» **HOW TO COMPLETE THIS TASK**
Which of the lines below include the word "noteq"? Pull each one out.
(LISTED ENTRIES)
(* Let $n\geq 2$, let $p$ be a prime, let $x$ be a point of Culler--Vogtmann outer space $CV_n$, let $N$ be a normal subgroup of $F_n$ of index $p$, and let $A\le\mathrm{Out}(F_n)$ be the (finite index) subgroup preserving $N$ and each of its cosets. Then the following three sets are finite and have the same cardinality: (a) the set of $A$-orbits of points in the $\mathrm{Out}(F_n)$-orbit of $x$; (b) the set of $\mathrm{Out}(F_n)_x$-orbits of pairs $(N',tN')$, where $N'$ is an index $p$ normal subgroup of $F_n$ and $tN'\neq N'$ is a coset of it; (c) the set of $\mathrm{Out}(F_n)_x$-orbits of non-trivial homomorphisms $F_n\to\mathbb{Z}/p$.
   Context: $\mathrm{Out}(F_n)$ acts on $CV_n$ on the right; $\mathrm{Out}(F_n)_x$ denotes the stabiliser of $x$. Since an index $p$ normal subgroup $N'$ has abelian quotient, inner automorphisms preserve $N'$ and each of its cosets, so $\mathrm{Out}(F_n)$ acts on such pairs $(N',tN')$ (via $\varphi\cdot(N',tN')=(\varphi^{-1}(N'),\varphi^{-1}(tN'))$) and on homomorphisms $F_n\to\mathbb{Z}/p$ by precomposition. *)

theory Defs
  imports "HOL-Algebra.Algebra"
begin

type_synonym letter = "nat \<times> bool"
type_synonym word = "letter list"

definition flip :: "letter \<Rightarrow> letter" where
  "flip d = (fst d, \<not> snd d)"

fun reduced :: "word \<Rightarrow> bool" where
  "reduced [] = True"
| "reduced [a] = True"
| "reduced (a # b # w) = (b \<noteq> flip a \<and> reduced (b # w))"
(End LISTED ENTRIES)
(LISTED ENTRIES)
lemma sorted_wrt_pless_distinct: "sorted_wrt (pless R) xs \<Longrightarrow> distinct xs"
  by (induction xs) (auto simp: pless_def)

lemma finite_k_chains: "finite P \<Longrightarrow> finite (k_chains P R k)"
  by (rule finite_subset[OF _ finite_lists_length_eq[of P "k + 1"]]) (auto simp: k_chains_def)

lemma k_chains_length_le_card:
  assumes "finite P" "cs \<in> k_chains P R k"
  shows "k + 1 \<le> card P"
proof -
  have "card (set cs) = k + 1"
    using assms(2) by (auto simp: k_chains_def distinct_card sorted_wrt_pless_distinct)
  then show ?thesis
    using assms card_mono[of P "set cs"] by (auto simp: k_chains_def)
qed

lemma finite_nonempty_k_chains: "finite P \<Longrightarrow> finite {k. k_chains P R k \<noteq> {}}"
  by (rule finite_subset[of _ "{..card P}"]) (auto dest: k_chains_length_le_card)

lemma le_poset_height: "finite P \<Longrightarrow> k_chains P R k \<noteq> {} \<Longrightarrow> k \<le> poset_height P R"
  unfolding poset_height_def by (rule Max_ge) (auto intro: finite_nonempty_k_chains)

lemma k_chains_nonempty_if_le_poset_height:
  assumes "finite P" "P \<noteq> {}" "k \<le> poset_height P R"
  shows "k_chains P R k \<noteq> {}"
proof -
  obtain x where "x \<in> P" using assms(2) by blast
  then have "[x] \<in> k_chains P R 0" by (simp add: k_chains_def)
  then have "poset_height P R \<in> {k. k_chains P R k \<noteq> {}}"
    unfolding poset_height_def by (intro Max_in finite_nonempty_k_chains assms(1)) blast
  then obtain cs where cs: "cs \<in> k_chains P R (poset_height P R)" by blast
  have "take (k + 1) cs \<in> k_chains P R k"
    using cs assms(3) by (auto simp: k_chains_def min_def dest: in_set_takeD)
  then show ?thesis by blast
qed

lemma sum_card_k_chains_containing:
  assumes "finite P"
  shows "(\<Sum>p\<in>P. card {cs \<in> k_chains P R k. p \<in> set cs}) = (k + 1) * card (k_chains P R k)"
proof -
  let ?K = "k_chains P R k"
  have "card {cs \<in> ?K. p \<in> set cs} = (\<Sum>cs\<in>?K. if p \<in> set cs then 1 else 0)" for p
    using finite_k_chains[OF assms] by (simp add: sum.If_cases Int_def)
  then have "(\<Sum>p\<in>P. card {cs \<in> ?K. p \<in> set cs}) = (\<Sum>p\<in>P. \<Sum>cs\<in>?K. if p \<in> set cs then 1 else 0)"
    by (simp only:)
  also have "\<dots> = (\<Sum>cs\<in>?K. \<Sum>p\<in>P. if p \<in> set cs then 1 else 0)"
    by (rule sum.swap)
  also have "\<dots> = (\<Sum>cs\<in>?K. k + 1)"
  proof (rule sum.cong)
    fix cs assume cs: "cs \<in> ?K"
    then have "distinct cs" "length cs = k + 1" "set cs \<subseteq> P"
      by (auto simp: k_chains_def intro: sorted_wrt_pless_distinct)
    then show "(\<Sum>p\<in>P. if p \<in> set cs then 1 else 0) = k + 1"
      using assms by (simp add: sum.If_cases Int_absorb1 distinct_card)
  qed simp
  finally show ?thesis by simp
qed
(End LISTED ENTRIES)
» **YOUR RESPONSE**
| "reduced (a # b # w) = (b \<noteq> flip a \<and> reduced (b # w))"
lemma finite_nonempty_k_chains: "finite P \<Longrightarrow> finite {k. k_chains P R k \<noteq> {}}"
lemma le_poset_height: "finite P \<Longrightarrow> k_chains P R k \<noteq> {} \<Longrightarrow> k \<le> poset_height P R"
  assumes "finite P" "P \<noteq> {}" "k \<le> poset_height P R"
  shows "k_chains P R k \<noteq> {}"
  then have "poset_height P R \<in> {k. k_chains P R k \<noteq> {}}"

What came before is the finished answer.